The Old Mill Pond is a 1936 American animated short film in the Happy Harmonies series, directed by Hugh Harman for Metro-Goldwyn-Mayer.

The short was nominated at the 1936 Academy Awards for Academy Award for Best Animated Short Film but lost to Disney's Silly Symphony short, The Country Cousin.

==Summary==
Fish and frogs gather at a pond. The performers are caricatures of Cab Calloway, Fats Waller, Bill "Bojangles" Robinson, Louis Armstrong, Stepin Fetchit, Ethel Waters and The Mills Brothers.

==Sequel==
The Old Mill Pond was followed by sequel, Swing Wedding in 1937.

==Reception==
The Film Daily (May 13, 1936): "This musical comedy cartoon is a knockout. Following the opening, which is the song "Down by the Old Mill Stream", the impersonations are Cab Calloway and his band doing "Minnie the Moocher" routine, "Fats" Waller doing his piano number, Bill Robinson his taps, the Mills Bros. their "Hold That Tiger", Stepin Fechit is presented, and a dancing chorus does "Jungle Rhythm". The Technicolor is beautiful, especially in the water numbers. This short is just one load of entertainment all the way through".

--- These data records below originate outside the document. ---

definition shortfall :: "real \<Rightarrow> real" where
  "shortfall t = (\<integral>\<omega>. max 0 (t - N \<omega>) \<partial>M)"

lemma cdf_nonneg: "0 \<le> F x"
  by (simp add: cdfN_def)

lemma cdf_le_1: "F x \<le> 1"
  by (simp add: cdfN_def)

lemma cdf_mono: "x \<le> y \<Longrightarrow> F x \<le> F y"
  unfolding cdfN_def by (rule finite_measure_mono) auto

lemma LF_nonneg: "0 \<le> LF"
  using lipschitz_on_nonneg[OF cdf_lipschitz] .

lemma cdf_lipschitz_abs: "\<bar>F x - F y\<bar> \<le> LF * \<bar>x - y\<bar>"
  using lipschitz_onD[OF cdf_lipschitz] by (simp add: dist_real_def)

lemma cdf_eq_1: "c \<le> x \<Longrightarrow> F x = 1"
proof -
  assume "c \<le> x"
  then have "{\<omega> \<in> space M. N \<omega> \<le> x} = space M" using N_bounded by force
  then show ?thesis by (simp add: cdfN_def prob_space)
qed

lemma cdf_eq_0: "x \<le> -c \<Longrightarrow> F x = 0"
proof -
  assume x: "x \<le> -c"
  have below: "F y = 0" if "y < -c" for y
  proof -
    have empty: "{\<omega> \<in> space M. N \<omega> \<le> y} = {}" using N_bounded that by force
    show ?thesis unfolding cdfN_def empty by simp
  qed
  have "F x \<le> 0 + e" if "0 < e" for e
  proof -
    define h where "h = e / (LF + 1)"
    have "0 < h" using that LF_nonneg by (simp add: h_def)
    have "F x \<le> F (x - h) + LF * \<bar>x - (x - h)\<bar>"
      using cdf_lipschitz_abs[of x "x - h"] by linarith
    also have "F (x - h) = 0" using below x \<open>0 < h\<close> by simp
    also have "LF * \<bar>x - (x - h)\<bar> \<le> (LF + 1) * h"
      using \<open>0 < h\<close> by simp
    also have "\<dots> = e" using LF_nonneg by (simp add: h_def)
    finally show ?thesis by simp
  qed
  then have "F x \<le> 0" by (rule field_le_epsilon)
  then show ?thesis using cdf_nonneg[of x] by simp
qed

lemma cdf_eq_integral: "F x = (\<integral>\<omega>. indicator {\<omega> \<in> space M. N \<omega> \<le> x} \<omega> \<partial>M)"
  by (simp add: cdfN_def Int_absorb2 sets.sets_into_space)

lemma c_nonneg: "0 \<le> c"
  using N_bounded not_empty by fastforce

lemma integrable_N: "integrable M N"
  by (rule integrable_const_bound[where B=c]) (use N_bounded in \<open>force simp: abs_le_iff\<close>)+

lemma integrable_positive_part: "integrable M (\<lambda>\<omega>. max 0 (t - N \<omega>))"
  by (rule integrable_const_bound[where B="\<bar>t\<bar> + c"])
    (use N_bounded c_nonneg in \<open>force\<close>)+
lemma transpose_diff: "transpose (X - Y) = transpose X - transpose (Y::real^_^_)"
  by (simp add: transpose_def vec_eq_iff)

lemma qf_add: "qf (X + Y) x = qf X x + qf Y x"
  by (simp add: qf_def matrix_vector_mult_add_rdistrib inner_add_right)

lemma qf_diff: "qf (X - Y) x = qf X x - qf Y x"
  by (simp add: qf_def matrix_vector_mult_diff_rdistrib inner_diff_right)

lemma qf_scaleR: "qf M (c *\<^sub>R x) = c\<^sup>2 * qf M x"
  by (simp only: qf_def matrix_vector_mult_scaleR inner_scaleR_left inner_scaleR_right
      power2_eq_square mult.assoc)

lemma qf_polarization:
  assumes "transpose M = M"
  shows "qf M (x + y) - qf M (x - y) = 4 * (y \<bullet> (M *v x))"
proof -
  have swap: "x \<bullet> (M *v y) = y \<bullet> (M *v x)"
    using inner_transpose_mult[of x M y] by (simp only: assms inner_commute[of "M *v x" y])
  have "qf M (x + y) = x \<bullet> (M *v x) + x \<bullet> (M *v y) + y \<bullet> (M *v x) + y \<bullet> (M *v y)"
    unfolding qf_def by (simp add: matrix_vector_right_distrib inner_add_left inner_add_right)
  moreover have "qf M (x - y) = x \<bullet> (M *v x) - x \<bullet> (M *v y) - y \<bullet> (M *v x) + y \<bullet> (M *v y)"
    unfolding qf_def by (simp add: matrix_vector_mult_diff_distrib inner_diff_left inner_diff_right)
  ultimately show ?thesis using swap by linarith
qed

lemma qf_join:
  "qf M (join x u) = qf (blk_xx M) x + x \<bullet> (blk_xu M *v u) + u \<bullet> (blk_ux M *v x) + qf (blk_uu M) u"
  unfolding qf_def matrix_vector_mult_join inner_join by (simp add: inner_add_right)

lemma qf_blk_uu: "qf (blk_uu M) u = qf M (join 0 u)"
  using qf_join[of M 0 u] by (simp add: qf_def)

lemma blk_xu_eq_transpose_blk_ux:
  assumes "transpose M = M"
  shows "blk_xu M = transpose (blk_ux M)"
proof -
  have "M $ i $ j = M $ j $ i" for i j
    using arg_cong[OF assms, of "\<lambda>N. N $ j $ i"] by (simp add: transpose_def)
  then show ?thesis unfolding blk_xu_def blk_ux_def transpose_def by (simp add: vec_eq_iff)
qed

lemma transpose_blk_uu: "transpose M = M \<Longrightarrow> transpose (blk_uu M) = blk_uu M"
  unfolding blk_uu_def transpose_def by (simp add: vec_eq_iff)

lemma transpose_blk_xx: "transpose M = M \<Longrightarrow> transpose (blk_xx M) = blk_xx M"
  unfolding blk_xx_def transpose_def by (simp add: vec_eq_iff)

lemma qf_join_sym:
  assumes "transpose M = M"
  shows "qf M (join x u) = qf (blk_xx M) x + 2 * (u \<bullet> (blk_ux M *v x)) + qf (blk_uu M) u"
proof -
  have "x \<bullet> (blk_xu M *v u) = u \<bullet> (blk_ux M *v x)"
    using inner_transpose_mult[of x "blk_ux M" u]
    by (simp only: blk_xu_eq_transpose_blk_ux[OF assms] inner_commute[of "blk_ux M *v x" u])
  then show ?thesis unfolding qf_join by linarith
qed

lemma blk_block_mat:
  "blk_xx (block_mat a b c d) = a" "blk_xu (block_mat a b c d) = b"
  "blk_ux (block_mat a b c d) = c" "blk_uu (block_mat a b c d) = d"
  by (simp_all add: blk_xx_def blk_xu_def blk_ux_def blk_uu_def block_mat_def vec_eq_iff)

lemma transpose_block_mat:
  "transpose (block_mat a b c d) = block_mat (transpose a) (transpose c) (transpose b) (transpose d)"
  by (simp add: block_mat_def transpose_def vec_eq_iff split: sum.splits)

lemma qf_hamQ: "qf (hamQ A B S R P) (join x u) = qf P (A *v x + B *v u) + qf S x + qf R u"
  unfolding qf_join hamQ_def blk_block_mat
  by (simp add: qf_def matrix_vector_mult_add_rdistrib inner_add_right inner_add_left
      matrix_vector_mul_assoc[symmetric] inner_vector_matrix_mult algebra_simps)

lemma transpose_hamQ:
  "\<lbrakk>transpose P = P; transpose S = S; transpose R = R\<rbrakk> \<Longrightarrow> transpose (hamQ A B S R P) = hamQ A B S R P"
  unfolding hamQ_def transpose_block_mat
  by (simp only: transpose_add matrix_transpose_mul matrix_mul_assoc transpose_transpose)

section \<open>Schur complements as partial minima\<close>

lemma matrix_inv_mult:
  assumes "invertible (X::real^'m^'m)"
  shows "X ** matrix_inv X = mat 1" "matrix_inv X ** X = mat 1"
  using someI_ex[OF assms[unfolded invertible_def]] unfolding matrix_inv_def by auto

lemma transpose_matrix_inv:
  assumes "invertible (X::real^'m^'m)" "transpose X = X"
  shows "transpose (matrix_inv X) = matrix_inv X"
proof -
  have left_inv: "transpose (matrix_inv X) ** X = mat 1"
    using arg_cong[OF matrix_inv_mult(1)[OF assms(1)], of transpose]
    by (simp add: matrix_transpose_mul assms(2))
  have "transpose (matrix_inv X) = transpose (matrix_inv X) ** (X ** matrix_inv X)"
    by (simp add: matrix_inv_mult(1)[OF assms(1)])
  also have "\<dots> = matrix_inv X"
    by (simp only: matrix_mul_assoc left_inv matrix_mul_lid)
  finally show ?thesis .
qed

lemma invertible_if_qf_pos:
  fixes X :: "real^'m^'m"
  assumes "\<And>u. u \<noteq> 0 \<Longrightarrow> 0 < qf X u"
  shows "invertible X"
proof -
  have "X *v x = 0 \<Longrightarrow> x = 0" for x
    using assms[of x] by (auto simp: qf_def)
  then show ?thesis using invertible_left_inverse matrix_left_invertible_ker by blast
qed

definition schur_argmin :: "real^('n::finite+'m::finite)^('n+'m) \<Rightarrow> real^'n \<Rightarrow> real^'m" where
  "schur_argmin M x = - (matrix_inv (blk_uu M) *v (blk_ux M *v x))"

lemma qf_join_schurH:
  assumes sym: "transpose M = M" and inv: "invertible (blk_uu M)"
  shows "qf M (join x u) = qf (schurH M) x + qf (blk_uu M) (u - schur_argmin M x)"
proof -
  define Mi where "Mi = matrix_inv (blk_uu M)"
  define w where "w = blk_ux M *v x"
  define v where "v = Mi *v w"
  have Mv: "blk_uu M *v v = w"
    unfolding v_def Mi_def by (simp add: matrix_vector_mul_assoc matrix_inv_mult(1)[OF inv])
  have shift: "u - schur_argmin M x = u + v"
    unfolding schur_argmin_def v_def w_def Mi_def by simp
  have schur: "qf (schurH M) x = qf (blk_xx M) x - w \<bullet> v"
  proof -
    have "(transpose (blk_ux M) ** Mi ** blk_ux M) *v x = transpose (blk_ux M) *v v"
      unfolding v_def w_def by (simp add: matrix_vector_mul_assoc matrix_mul_assoc)
    then have "x \<bullet> ((transpose (blk_ux M) ** Mi ** blk_ux M) *v x) = w \<bullet> v"
      by (simp only: inner_transpose_mult w_def)
    then show ?thesis unfolding schurH_def qf_diff Mi_def[symmetric] by (simp add: qf_def)
  qed
  have cross: "v \<bullet> (blk_uu M *v u) = w \<bullet> u"
    using inner_transpose_mult[of v "blk_uu M" u] by (simp only: transpose_blk_uu[OF sym] Mv)
  have expand: "qf (blk_uu M) (u + v) = qf (blk_uu M) u + 2 * (u \<bullet> w) + v \<bullet> w"
  proof -
    have "qf (blk_uu M) (u + v)
        = u \<bullet> (blk_uu M *v u) + u \<bullet> (blk_uu M *v v) + v \<bullet> (blk_uu M *v u) + v \<bullet> (blk_uu M *v v)"
      unfolding qf_def by (simp add: matrix_vector_right_distrib inner_add_left inner_add_right)
    also have "\<dots> = qf (blk_uu M) u + u \<bullet> w + w \<bullet> u + v \<bullet> w"
      by (simp only: Mv cross qf_def)
    finally show ?thesis by (simp add: inner_commute)
  qed
  show ?thesis
    unfolding qf_join_sym[OF sym] shift expand schur w_def[symmetric] by (simp add: inner_commute)
qed

lemma qf_schurH_le:
  assumes "transpose M = M" "invertible (blk_uu M)" "\<And>u. 0 \<le> qf (blk_uu M) u"
  shows "qf (schurH M) x \<le> qf M (join x u)"
  using qf_join_schurH[OF assms(1,2), of x u] assms(3)[of "u - schur_argmin M x"] by linarith

lemma qf_schurH_eq:
  assumes "transpose M = M" "invertible (blk_uu M)"
  shows "qf (schurH M) x = qf M (join x (schur_argmin M x))"
  using qf_join_schurH[OF assms, of x "schur_argmin M x"] by (simp add: qf_def)

lemma transpose_schurH:
  assumes sym: "transpose M = M" and inv: "invertible (blk_uu M)"
  shows "transpose (schurH M) = schurH M"
  unfolding schurH_def
  by (simp add: transpose_diff matrix_transpose_mul transpose_blk_xx[OF sym]
      transpose_matrix_inv[OF inv transpose_blk_uu[OF sym]] matrix_mul_assoc)

section \<open>Spectral norm and quadratic forms\<close>

lemma spec_norm_nonneg: "0 \<le> spec_norm (M::real^'c^'r)"
  unfolding spec_norm_def by (rule onorm_pos_le) simp

lemma norm_matrix_vector_mult_le: "norm (M *v x) \<le> spec_norm M * norm (x::real^'c)"
  unfolding spec_norm_def by (rule onorm) simp

lemma abs_qf_le_spec_norm: "\<bar>qf M x\<bar> \<le> spec_norm M * (norm x)\<^sup>2"
proof -
  have "\<bar>qf M x\<bar> \<le> norm x * norm (M *v x)"
    unfolding qf_def by (rule Cauchy_Schwarz_ineq2)
  also have "\<dots> \<le> norm x * (spec_norm M * norm x)"
    by (rule mult_left_mono[OF norm_matrix_vector_mult_le]) simp
  finally show ?thesis by (simp add: power2_eq_square mult_ac)
qed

The Film Daily (June 1, 1936): "In Technicolor, a swell interpretation by the frogs in the millpond of the famous colored artists of tap dance and orchestra. The leading lights among the colored entertainers are presented in fine imitations, the technique is very clever, and the entire production a real novelty in cartoon with beautiful color and catchy music".